[ltp] "Quick Boot"

Thomas Hood linux-thinkpad@linux-thinkpad.org
Fri, 25 Jun 2004 11:45:43 +0200


On Fri, 2004-06-25 at 02:12, Michelle Klein-Hass wrote:
> One thing you definitely can do is turn off "Quick Boot" from the setup 
> screen. Hold down F1 while turning your ThinkPad on and then keep F1 held 
> down until you get to the setup. "Quick Boot" assumes that Windows is running 
> on the ThinkPad and can interfere with allowing the OS to detect 
> plug-and-play equipment.


Enabling "Quick Boot" switches off the firmware function of configuring
ISA PnP devices before booting the OS.  Switching off this function
saves a wee bit of time and thus makes the power-on sequence a wee
bit quicker.

A genuine "PnP OS" such as Windows doesn't need the firmware to
configure ISA PnP devices because it (the OS) can configure the devices
itself using PnP methods.

GNU/Linux has not one but two implementations of such PnP methods.
The kernel has the isa-pnp driver and userspace has the isapnptools
package.  Unfortunately, last time I checked neither of these was
able to configure the ISA PnP devices on a ThinkPad 600.  I have no
idea why.  I doesn't really matter, though, because the firmware does
a perfectly good job of configuring the devices so long as "Quick Boot"
is disabled.


>  "Quick Boot" is useless under Linux.  It interferes 
> with proper function of sound under Linux, for example.

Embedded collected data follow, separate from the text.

lemma prob_f_dist:
  assumes "\<beta> > 0" "n \<ge> 1"
  shows "measure_pmf.prob (f_dist \<beta> n) A = (\<Sum>x\<in>Omega n \<inter> A. f_weight \<beta> n x)"
proof -
  have "A \<inter> set_pmf (f_dist \<beta> n) = (Omega n \<inter> A) \<inter> set_pmf (f_dist \<beta> n)"
    using pmf_f_dist(2)[OF assms] by blast
  then have "measure_pmf.prob (f_dist \<beta> n) A = measure_pmf.prob (f_dist \<beta> n) (Omega n \<inter> A)"
    by (metis measure_Int_set_pmf)
  also have "\<dots> = (\<Sum>x\<in>Omega n \<inter> A. f_weight \<beta> n x)"
    by (simp add: measure_measure_pmf_finite finite_Omega pmf_f_dist(1)[OF assms])
  finally show ?thesis .
qed

lemma prob_target:
  assumes "\<beta> > 0" "n \<ge> 1" "1 \<le> j" "j \<le> n"
  shows "measure_pmf.prob (f_dist \<beta> n) {x. target hf x = j} =
    (\<beta> + (if j \<ge> 2 then 1 else 0) + real (card {i\<in>{2..n}. hf i = j})) / ((2 + \<beta>) * real n - 2)"
proof -
  let ?D = "(2 + \<beta>) * real n - 2"
  have "(\<Sum>x\<in>Omega n \<inter> {x. target hf x = j}. f_weight \<beta> n x)
      = (\<Sum>x\<in>Omega n. if target hf x = j then f_weight \<beta> n x else 0)"
    by (simp add: sum.inter_restrict finite_Omega)
  also have "\<dots> = (\<Sum>i=1..n. if i = j then \<beta> / ?D else 0)
      + (\<Sum>i=2..n. if hf i = j then 1 / ?D else 0) + (\<Sum>i=2..n. if i = j then 1 / ?D else 0)"
    unfolding sum_Omega target_def
    by (intro arg_cong2[where f = "(+)"] sum.cong) (auto simp: f_weight_def Omega_def)
  also have "(\<Sum>i=1..n. if i = j then \<beta> / ?D else 0) = \<beta> / ?D" using assms by simp
  also have "(\<Sum>i=2..n. if i = j then 1 / ?D else 0) = (if j \<ge> 2 then 1 else 0) / ?D" using assms by simp
  also have "(\<Sum>i=2..n. if hf i = j then 1 / ?D else 0) = real (card {i\<in>{2..n}. hf i = j}) / ?D"
    by (simp add: sum.If_cases Int_def conj_commute)
  finally show ?thesis using prob_f_dist[OF assms(1,2)] by (simp add: add_divide_distrib)
qed

section \<open>Probability that a forest survives one step of the process\<close>

lemma prob_bind_pmf:
  "measure_pmf.prob (bind_pmf p f) A = (\<integral>x. measure_pmf.prob (f x) A \<partial>p)"
  unfolding measure_pmf_bind
  by (rule measure_pmf.measure_bind[where N = "count_space UNIV"])
     (auto simp: space_subprob_algebra prob_space_imp_subprob_space measure_pmf.prob_space_axioms)

lemma integral_indicator_combination:
  fixes c :: real
  assumes "finite I"
  shows "(\<integral>x. c * indicator A x + (\<Sum>i\<in>I. indicator (B i) x) \<partial>measure_pmf p)
       = c * measure_pmf.prob p A + (\<Sum>i\<in>I. measure_pmf.prob p (B i))"
proof -
  have ind: "integrable (measure_pmf p) (indicator X :: _ \<Rightarrow> real)" for X
    by (simp add: integrable_indicator_iff measure_pmf.emeasure_finite less_top[symmetric])
  have "(\<integral>x. (\<Sum>i\<in>I. indicator (B i) x :: real) \<partial>measure_pmf p)
      = (\<Sum>i\<in>I. measure_pmf.prob p (B i))"
    by (subst Bochner_Integration.integral_sum) (auto intro: ind)
  then show ?thesis
    by (subst Bochner_Integration.integral_add) (auto intro: ind integrable_mult_right)
qed

lemma tree_proc_Suc: "t \<ge> 1 \<Longrightarrow> tree_proc \<beta> (Suc t) = tree_proc \<beta> t \<bind> step \<beta> t"
  by (cases t) auto

lemma tree_proc_head_less:
  assumes "\<beta> > 0" "t \<ge> 1" "hf \<in> set_pmf (tree_proc \<beta> t)" "2 \<le> i" "i \<le> t"
  shows "hf i < i"
  using assms(2-)
proof (induction t arbitrary: hf i rule: nat_induct_at_least)
  case base
  then show ?case by simp
next
  case (Suc t)
  from Suc.prems(1) obtain hf0 x where hf0: "hf0 \<in> set_pmf (tree_proc \<beta> t)"
    and x: "x \<in> set_pmf (f_dist \<beta> t)" and hf: "hf = hf0(Suc t := target hf0 x)"
    using Suc.hyps by (auto simp: tree_proc_Suc step_def)
  obtain k c where xk: "x = (k, c)" by force
  have xO: "x \<in> Omega t" using x pmf_f_dist(2)[OF assms(1) Suc.hyps] by blast
  have "target hf0 x \<le> t"
  proof (cases c)
    case KH
    then have "2 \<le> k" "k \<le> t" using xO xk by (auto simp: Omega_def)
    then show ?thesis using Suc.IH[OF hf0, of k] KH xk by (simp add: target_def)
  qed (use xO xk in \<open>auto simp: Omega_def target_def\<close>)
  then show ?case using Suc.IH[OF hf0, of i] Suc.prems hf by (cases "i = Suc t") auto
qed

lemma prob_step_subgraph:
  "measure_pmf.prob (step \<beta> t hf) {hf'. subgraph_of S hf'} =
   measure_pmf.prob (f_dist \<beta> t) {x. subgraph_of S (hf(Suc t := target hf x))}"
  by (simp add: step_def vimage_def)

lemma prob_subgraph_Suc_no_edge:
  assumes "\<beta> > 0" "t \<ge> 1" "\<forall>(a, b)\<in>S. a \<noteq> Suc t"
  shows "measure_pmf.prob (tree_proc \<beta> (Suc t)) {hf. subgraph_of S hf}
       = measure_pmf.prob (tree_proc \<beta> t) {hf. subgraph_of S hf}"
proof -
  have "subgraph_of S (hf(Suc t := y)) = subgraph_of S hf" for hf y
    using assms(3) unfolding subgraph_of_def by fastforce
  then have "measure_pmf.prob (step \<beta> t hf) {hf'. subgraph_of S hf'} = indicator {hf. subgraph_of S hf} hf"
    for hf by (simp add: prob_step_subgraph)
  then show ?thesis
    unfolding tree_proc_Suc[OF assms(2)] prob_bind_pmf by simp
qed

lemma prob_step_new_edge:
  assumes "\<beta> > 0" "t \<ge> 1" "\<forall>(a, b)\<in>S. a \<noteq> Suc t" "1 \<le> j" "j \<le> t"
  shows "measure_pmf.prob (step \<beta> t hf) {hf'. subgraph_of (insert (Suc t, j) S) hf'} =
    ((\<beta> + (if j \<ge> 2 then 1 else 0)) * indicator {hf. subgraph_of S hf} hf
     + (\<Sum>i\<in>{2..t}. indicator {hf. subgraph_of S hf \<and> hf i = j} hf)) / ((2 + \<beta>) * real t - 2)"
proof -
  have new: "subgraph_of (insert (Suc t, j) S) (hf(Suc t := y)) \<longleftrightarrow> subgraph_of S hf \<and> y = j" for y
    using assms(3) unfolding subgraph_of_def by fastforce
  show ?thesis
  proof (cases "subgraph_of S hf")
    case True
    have "real (card {i\<in>{2..t}. hf i = j}) = (\<Sum>i\<in>{2..t}. indicator {hf. subgraph_of S hf \<and> hf i = j} hf)"
      using True by (simp add: indicator_def sum.If_cases Int_def conj_commute)
    then show ?thesis
      using True prob_target[OF assms(1,2,4,5), of hf] by (simp add: prob_step_subgraph new)
  qed (simp add: prob_step_subgraph new indicator_def)
qed

lemma prob_subgraph_Suc_edge:
  assumes "\<beta> > 0" "t \<ge> 1" "\<forall>(a, b)\<in>S. a \<noteq> Suc t" "1 \<le> j" "j \<le> t"
  shows "measure_pmf.prob (tree_proc \<beta> (Suc t)) {hf. subgraph_of (insert (Suc t, j) S) hf} =
    ((\<beta> + (if j \<ge> 2 then 1 else 0)) * measure_pmf.prob (tree_proc \<beta> t) {hf. subgraph_of S hf}
     + (\<Sum>i\<in>{2..t}. measure_pmf.prob (tree_proc \<beta> t) {hf. subgraph_of S hf \<and> hf i = j}))
    / ((2 + \<beta>) * real t - 2)"
  unfolding tree_proc_Suc[OF assms(2)] prob_bind_pmf prob_step_new_edge[OF assms]
  by (simp add: integral_indicator_combination)

lemma pf_edge: "possible_forest S \<Longrightarrow> (a, b) \<in> S \<Longrightarrow> 1 \<le> b \<and> b < a"
  by (auto simp: possible_forest_def)

lemma pf_finite: "possible_forest S \<Longrightarrow> finite S"
  by (auto simp: possible_forest_def)

lemma pf_insert:
  "possible_forest S \<Longrightarrow> 1 \<le> j \<Longrightarrow> j < i \<Longrightarrow> i \<notin> Vplus S \<Longrightarrow> possible_forest (insert (i, j) S)"
  unfolding possible_forest_def Vplus_def by auto

lemma Vplus_eq: "possible_forest S \<Longrightarrow> Vplus S = fst ` S"
  by (force simp: Vplus_def dest: pf_edge)

lemma Vminus_eq: "possible_forest S \<Longrightarrow> Vminus S = snd ` S"
  by (force simp: Vminus_def dest: pf_edge)

lemma Vplus_insert: "j < i \<Longrightarrow> Vplus (insert (i, j) S) = insert i (Vplus S)"
  by (auto simp: Vplus_def)

lemma Vminus_insert: "j < i \<Longrightarrow> Vminus (insert (i, j) S) = insert j (Vminus S)"
  by (auto simp: Vminus_def)

lemma finite_in_edges: "finite S \<Longrightarrow> finite {i. (i, k) \<in> S}"
  by (rule finite_subset[of _ "fst ` S"]) force+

The reason sound doesn't work if "Quick Boot" is enabled is that when
"Quick Boot" is enabled the firmware leaves the sound chip in an
entirely unconfigured state.

If you have booted with "Quick Boot" enabled then it is still
possible to use firmware routines to configure ISA PnP devices.
You need a kernel with PnPBIOS support, which means either Linux 2.6.x
or an Alan Cox Linux 2.4.x kernel.  With such a kernel you can use
the setpnp command to invoke firmware routines to configure devices.